Today a male colleague told me that he wished more women grad students had 'monomania' when it came to research/Science. What a thing to wish for.
This conversation made me wonder whether I was a monomaniac in grad school. I don't think I was, but it was a long time ago and I am not necessarily able to judge this myself. There have always been other things that are important to me in addition to my research, so I would be surprised if I was ever a monomaniac, sensu stricto.
You can work hard and be intensely interested in your research without being a monomaniac. I certainly don't expect monomaniacity (monomaniacness?) from my own students. Surely having a balanced life in grad school is a healthier way to be and better preparation for a happy life after grad school.
I've said it before many times: It's not the women who should change, it's the culture. No one should have to be a monomaniac to succeed. In my gloomier moments, I think that Academia won't change significantly until it becomes more diverse, but it won't become more diverse until it changes significantly, but it can't change until it becomes more diverse, and so on.
In a related conversation with the same colleague, he expressed some concern on my behalf today. I recently put together a collection of images that I created and that I hope will help students in some of my intermediate level courses. The image collection is available free in electronic form, but I also put the collection together in a visually stunning (well, aesthetically pleasing, anyway) form that can be printed inexpensively from a self-publishing site if anyone wants to have the collection in the form of a glossy printed book.
My colleague was concerned that if students went to this book publishing site to get the science book, they would see some non-scientific things I have on the same site. He thought I should have used different sites for my non-science and science writing. (Or maybe I should just write everything anonymously?)

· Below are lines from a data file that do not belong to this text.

text \<open>
  Call a function of order \<open>b\<close> if it is a finite sum of terms \<open>\<rho>\<^sup>b Q(\<rho>\<^sup>2) g\<close> with \<open>g\<close> smooth
  and homogeneous of degree 0 and \<open>Q\<close> regular at 0. Writing \<open>\<Delta>\<^sub>+\<close> in the variable \<open>\<rho>\<close> shows
  that \<open>D\<^sub>t\<close> preserves order \<open>b\<close> and acts on the leading term as multiplication by the
  indicial polynomial \<open>(b - t)(n - b - t)\<close>; at a root, \<open>D\<^sub>t\<close> raises the order by 2.

  In \<open>B\<^bsub>2j\<^esub>(\<rho>\<^bsup>2[\<gamma>]+2m\<^esup> f)\<close> the function \<open>\<rho>\<^bsup>n/2-\<gamma>+2[\<gamma>]+2m\<^esup> f\<close> has order at least
  \<open>s - 2\<lfloor>\<gamma>\<rfloor>\<close>; the innermost operators \<open>D\<^bsub>s-2\<lfloor>\<gamma>\<rfloor>\<^esub>, D\<^bsub>s-2\<lfloor>\<gamma>\<rfloor>+2\<^esub>, \<dots>\<close> each act at the
  root \<open>b = t\<close>, the others preserve the order, and after the final factor \<open>\<rho>\<^bsup>-n/2+\<gamma>-2j\<^esup>\<close>
  the order is \<open>2[\<gamma>] > 0\<close>. In \<open>B\<^bsub>2j+2[\<gamma>]\<^esub>(\<rho>\<^bsup>2m\<^esup> f)\<close> one starts at order
  \<open>n - s\<close> and, since the \<open>D\<^sub>t\<close> commute, may apply \<open>D\<^sub>s, D\<^bsub>s-2\<^esub>, \<dots>, D\<^bsub>s-2j\<^esub>\<close> in this order,
  each at the root \<open>b = n - t\<close>; the result has order \<open>2 - 2[\<gamma>] > 0\<close>. A function of positive
  order tends to 0 along every ray towards the boundary sphere.
\<close>

section \<open>Locality and linearity of the operators\<close>

lemma frechet_derivative_cong_open:
  assumes "open S" "x \<in> S" "\<And>y. y \<in> S \<Longrightarrow> u y = v y"
  shows "frechet_derivative u (at x) = frechet_derivative v (at x)"
proof -
  have "(u has_derivative D) (at x) \<longleftrightarrow> (v has_derivative D) (at x)" for D
    using has_derivative_transform_within_open[OF _ assms(1,2), of u _ UNIV v]
          has_derivative_transform_within_open[OF _ assms(1,2), of v _ UNIV u] assms(3)
    by auto
  then show ?thesis unfolding frechet_derivative_def by simp
qed

lemma pd_cong_open:
  assumes "open S" "x \<in> S" "\<And>y. y \<in> S \<Longrightarrow> u y = v y"
  shows "pd w u x = pd w v x"
  unfolding pd_def using frechet_derivative_cong_open[OF assms] by simp

lemma differentiable_cong_open:
  assumes "u differentiable (at x)" "open S" "x \<in> S" "\<And>y. y \<in> S \<Longrightarrow> u y = v y"
  shows "v differentiable (at x)"
  using assms has_derivative_transform_within_open unfolding differentiable_def by blast

lemma lap_cong_open:
  assumes "open S" "x \<in> S" "\<And>y. y \<in> S \<Longrightarrow> u y = v y"
  shows "lap u x = lap v x"
proof -
  have "pd b u y = pd b v y" if "y \<in> S" for b y
    using pd_cong_open[OF assms(1) that] assms(3) by blast
  then have "pd b (pd b u) x = pd b (pd b v) x" for b
    by (rule pd_cong_open[OF assms(1,2)])
  then show ?thesis unfolding lap_def by simp
qed

lemma hyp_lap_cong_open:
  assumes "open S" "x \<in> S" "\<And>y. y \<in> S \<Longrightarrow> u y = v y"
  shows "hyp_lap u x = hyp_lap v x"
  unfolding hyp_lap_def using lap_cong_open[OF assms] pd_cong_open[OF assms] by simp

lemma Dop_cong_open:
  assumes "open S" "x \<in> S" "\<And>y. y \<in> S \<Longrightarrow> u y = v y"
  shows "Dop t u x = Dop t v x"
  unfolding Dop_def using hyp_lap_cong_open[OF assms] assms by simp

lemma pd_lincomb:
  assumes "u differentiable (at x)" "v differentiable (at x)"
  shows "pd w (\<lambda>y. a * u y + c * v y) x = a * pd w u x + c * pd w v x"
proof -
  have "((\<lambda>y. a * u y + c * v y) has_derivative
      (\<lambda>h. a * frechet_derivative u (at x) h + c * frechet_derivative v (at x) h)) (at x)"
    using assms[unfolded frechet_derivative_works] by (auto intro!: derivative_eq_intros)
  then show ?thesis unfolding pd_def by (simp flip: frechet_derivative_at)
qed

lemma pd_mult:
  assumes "u differentiable (at x)" "v differentiable (at x)"
  shows "pd w (\<lambda>y. u y * v y) x = pd w u x * v x + u x * pd w v x"
proof -
  have "((\<lambda>y. u y * v y) has_derivative
      (\<lambda>h. u x * frechet_derivative v (at x) h + frechet_derivative u (at x) h * v x)) (at x)"
    using assms[unfolded frechet_derivative_works] by (auto intro!: derivative_eq_intros)
  then show ?thesis unfolding pd_def by (simp flip: frechet_derivative_at)
qed

definition twice_differentiable_on :: "'a::euclidean_space set \<Rightarrow> ('a \<Rightarrow> real) \<Rightarrow> bool" where
  "twice_differentiable_on S u \<longleftrightarrow>
     (\<forall>x\<in>S. u differentiable (at x) \<and> (\<forall>v. pd v u differentiable (at x)))"

lemma twice_differentiable_onD:
  assumes "twice_differentiable_on S u" "x \<in> S"
  shows "u differentiable (at x)" "pd v u differentiable (at x)"
  using assms unfolding twice_differentiable_on_def by auto

lemma twice_differentiable_onI:
  assumes "open S"
    and "\<And>x. x \<in> S \<Longrightarrow> u differentiable (at x)"
    and "\<And>v x. x \<in> S \<Longrightarrow> g v differentiable (at x)"
    and "\<And>v y. y \<in> S \<Longrightarrow> pd v u y = g v y"
  shows "twice_differentiable_on S u"
  unfolding twice_differentiable_on_def
  using assms differentiable_cong_open[OF _ assms(1)] by metis

lemma twice_differentiable_on_cong:
  assumes "open S" "twice_differentiable_on S u" "\<And>y. y \<in> S \<Longrightarrow> u y = v y"
  shows "twice_differentiable_on S v"
proof (rule twice_differentiable_onI[OF assms(1), where g = "\<lambda>w. pd w u"])
  show "v differentiable (at x)" if "x \<in> S" for x
    using differentiable_cong_open[OF twice_differentiable_onD(1)[OF assms(2) that] assms(1) that]
      assms(3) by blast
  show "pd w u differentiable (at x)" if "x \<in> S" for w x
    using twice_differentiable_onD(2)[OF assms(2) that] .
  show "pd w v y = pd w u y" if "y \<in> S" for w y
    using pd_cong_open[OF assms(1) that] assms(3) by metis
qed

lemma twice_differentiable_on_lincomb:
  assumes "open S" "twice_differentiable_on S u" "twice_differentiable_on S v"
  shows "twice_differentiable_on S (\<lambda>y. a * u y + c * v y)"
proof (rule twice_differentiable_onI[OF assms(1), where g = "\<lambda>w y. a * pd w u y + c * pd w v y"])
  show "(\<lambda>y. a * u y + c * v y) differentiable (at x)" if "x \<in> S" for x
    using twice_differentiable_onD(1)[OF assms(2) that] twice_differentiable_onD(1)[OF assms(3) that]
    by (auto intro!: derivative_intros)
  show "(\<lambda>y. a * pd w u y + c * pd w v y) differentiable (at x)" if "x \<in> S" for w x
    using twice_differentiable_onD(2)[OF assms(2) that] twice_differentiable_onD(2)[OF assms(3) that]
    by (auto intro!: derivative_intros)
  show "pd w (\<lambda>y. a * u y + c * v y) y = a * pd w u y + c * pd w v y" if "y \<in> S" for w y
    using pd_lincomb twice_differentiable_onD(1) assms(2,3) that by metis
qed

lemma twice_differentiable_on_mult:
  assumes "open S" "twice_differentiable_on S u" "twice_differentiable_on S v"
  shows "twice_differentiable_on S (\<lambda>y. u y * v y)"
proof (rule twice_differentiable_onI[OF assms(1), where g = "\<lambda>w y. pd w u y * v y + u y * pd w v y"])
  show "(\<lambda>y. u y * v y) differentiable (at x)" if "x \<in> S" for x
    using twice_differentiable_onD(1)[OF assms(2) that] twice_differentiable_onD(1)[OF assms(3) that]
    by (auto intro!: derivative_intros)
  show "(\<lambda>y. pd w u y * v y + u y * pd w v y) differentiable (at x)" if "x \<in> S" for w x
    using twice_differentiable_onD[OF assms(2) that] twice_differentiable_onD[OF assms(3) that]
    by (auto intro!: derivative_intros)
  show "pd w (\<lambda>y. u y * v y) y = pd w u y * v y + u y * pd w v y" if "y \<in> S" for w y
    using pd_mult twice_differentiable_onD(1) assms(2,3) that by metis
qed

lemma lap_lincomb:
  assumes "open S" "twice_differentiable_on S u" "twice_differentiable_on S v" "x \<in> S"
  shows "lap (\<lambda>y. a * u y + c * v y) x = a * lap u x + c * lap v x"
proof -
  note d1 = twice_differentiable_onD(1)[OF assms(2)] twice_differentiable_onD(1)[OF assms(3)]
  note d2 = twice_differentiable_onD(2)[OF assms(2,4)] twice_differentiable_onD(2)[OF assms(3,4)]
  have "pd b (\<lambda>y. a * u y + c * v y) y = a * pd b u y + c * pd b v y" if "y \<in> S" for b y
    using pd_lincomb d1 that by blast
  then have "pd b (pd b (\<lambda>y. a * u y + c * v y)) x = pd b (\<lambda>y. a * pd b u y + c * pd b v y) x" for b
    by (intro pd_cong_open[OF assms(1,4)])
  also have "\<dots> b = a * pd b (pd b u) x + c * pd b (pd b v) x" for b
    using pd_lincomb d2 by blast
  finally show ?thesis unfolding lap_def by (simp add: sum.distrib sum_distrib_left)
qed

lemma lap_mult:
  assumes "open S" "twice_differentiable_on S u" "twice_differentiable_on S v" "x \<in> S"
  shows "lap (\<lambda>y. u y * v y) x
    = lap u x * v x + 2 * (\<Sum>b\<in>Basis. pd b u x * pd b v x) + u x * lap v x"
proof -
  note d1 = twice_differentiable_onD(1)[OF assms(2)] twice_differentiable_onD(1)[OF assms(3)]
  note d2 = twice_differentiable_onD(2)[OF assms(2,4)] twice_differentiable_onD(2)[OF assms(3,4)]
  have "pd b (\<lambda>y. u y * v y) y = 1 * (pd b u y * v y) + 1 * (u y * pd b v y)" if "y \<in> S" for b y
    using pd_mult[OF d1[OF that]] by simp
  then have "pd b (pd b (\<lambda>y. u y * v y)) x
      = pd b (\<lambda>y. 1 * (pd b u y * v y) + 1 * (u y * pd b v y)) x" for b
    by (intro pd_cong_open[OF assms(1,4)])
  also have "\<dots> b = pd b (\<lambda>y. pd b u y * v y) x + pd b (\<lambda>y. u y * pd b v y) x" for b
  proof -
    have "(\<lambda>y. pd b u y * v y) differentiable (at x)" "(\<lambda>y. u y * pd b v y) differentiable (at x)"
      using d1 d2 assms(4) by (auto intro: differentiable_mult)
    from pd_lincomb[OF this, of b 1 1] show ?thesis by simp
  qed
  also have "\<dots> b = pd b (pd b u) x * v x + 2 * (pd b u x * pd b v x) + u x * pd b (pd b v) x" for b
    using pd_mult[OF d2(1) d1(2)[OF assms(4)]] pd_mult[OF d1(1)[OF assms(4)] d2(2)] by simp
  finally show ?thesis
    unfolding lap_def by (simp add: sum.distrib sum_distrib_left sum_distrib_right)
qed

lemma hyp_lap_lincomb:
  assumes "open S" "twice_differentiable_on S u" "twice_differentiable_on S v" "x \<in> S"
  shows "hyp_lap (\<lambda>y. a * u y + c * v y) x = a * hyp_lap u x + c * hyp_lap v x"
proof -
  have "pd x (\<lambda>y. a * u y + c * v y) x = a * pd x u x + c * pd x v x"
    using pd_lincomb twice_differentiable_onD(1) assms(2,3,4) by metis
  then show ?thesis
    unfolding hyp_lap_def lap_lincomb[OF assms] by (simp add: field_simps)
qed

lemma Dop_lincomb:
  assumes "open S" "twice_differentiable_on S u" "twice_differentiable_on S v" "x \<in> S"
  shows "Dop t (\<lambda>y. a * u y + c * v y) x = a * Dop t u x + c * Dop t v x"
  unfolding Dop_def hyp_lap_lincomb[OF assms] by (simp add: algebra_simps)

lemma Dop_commute:
  assumes "open S" "twice_differentiable_on S u" "twice_differentiable_on S (hyp_lap u)" "x \<in> S"
  shows "Dop t (Dop t' u) x = Dop t' (Dop t u) x"
proof -
  let ?n = "dimn TYPE('a)"
  have e: "Dop t' u = (\<lambda>y. (-1) * hyp_lap u y + (- t' * (?n - t')) * u y)" for t'
    unfolding Dop_def by (simp add: fun_eq_iff)
  have "Dop t (Dop t' u) x = - Dop t (hyp_lap u) x - t' * (?n - t') * Dop t u x" for t t'
    unfolding e[of t'] Dop_lincomb[OF assms(1,3,2,4)] by simp
  from this[of t t'] this[of t' t] show ?thesis by (simp add: Dop_def algebra_simps)
qed

section \<open>Smooth functions\<close>

lemma Ck_Suc_pd:
  "Ck (Suc k) S u \<longleftrightarrow> (\<forall>x\<in>S. u differentiable (at x)) \<and> (\<forall>v. Ck k S (pd v u))"
  by (simp add: pd_def)

lemma Ck_cong_open:
  assumes "open S" "Ck k S u" "\<And>y. y \<in> S \<Longrightarrow> u y = v y"
  shows "Ck k S v"
  using assms(2,3)
proof (induction k arbitrary: u v)
  case 0
  then show ?case using continuous_on_cong by force
next
  case (Suc k)
  have "v differentiable (at x)" if "x \<in> S" for x
    using Suc.prems differentiable_cong_open[OF _ assms(1) that] that by auto
  moreover have "Ck k S (pd w v)" for w
  proof (rule Suc.IH)
    show "Ck k S (pd w u)" using Suc.prems(1) unfolding Ck_Suc_pd by blast
    show "pd w u y = pd w v y" if "y \<in> S" for y
      using pd_cong_open[OF assms(1) that] Suc.prems(2) by blast
  qed
  ultimately show ?case unfolding Ck_Suc_pd by blast
qed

It's not as if my non-science writing is embarrassing, or, at least, I don't think so.. (Maybe my colleague thinks so, though. Hmm). It's not as if I wrote obscene poems or thinly veiled descriptions of odious colleagues (the latter I do here, in my blog). Mostly it's just stories I wrote for my daughter. It didn't even occur to me to care if my students saw these stories. It's fine with me if they do, and then they will surely know that I am not a monomaniac.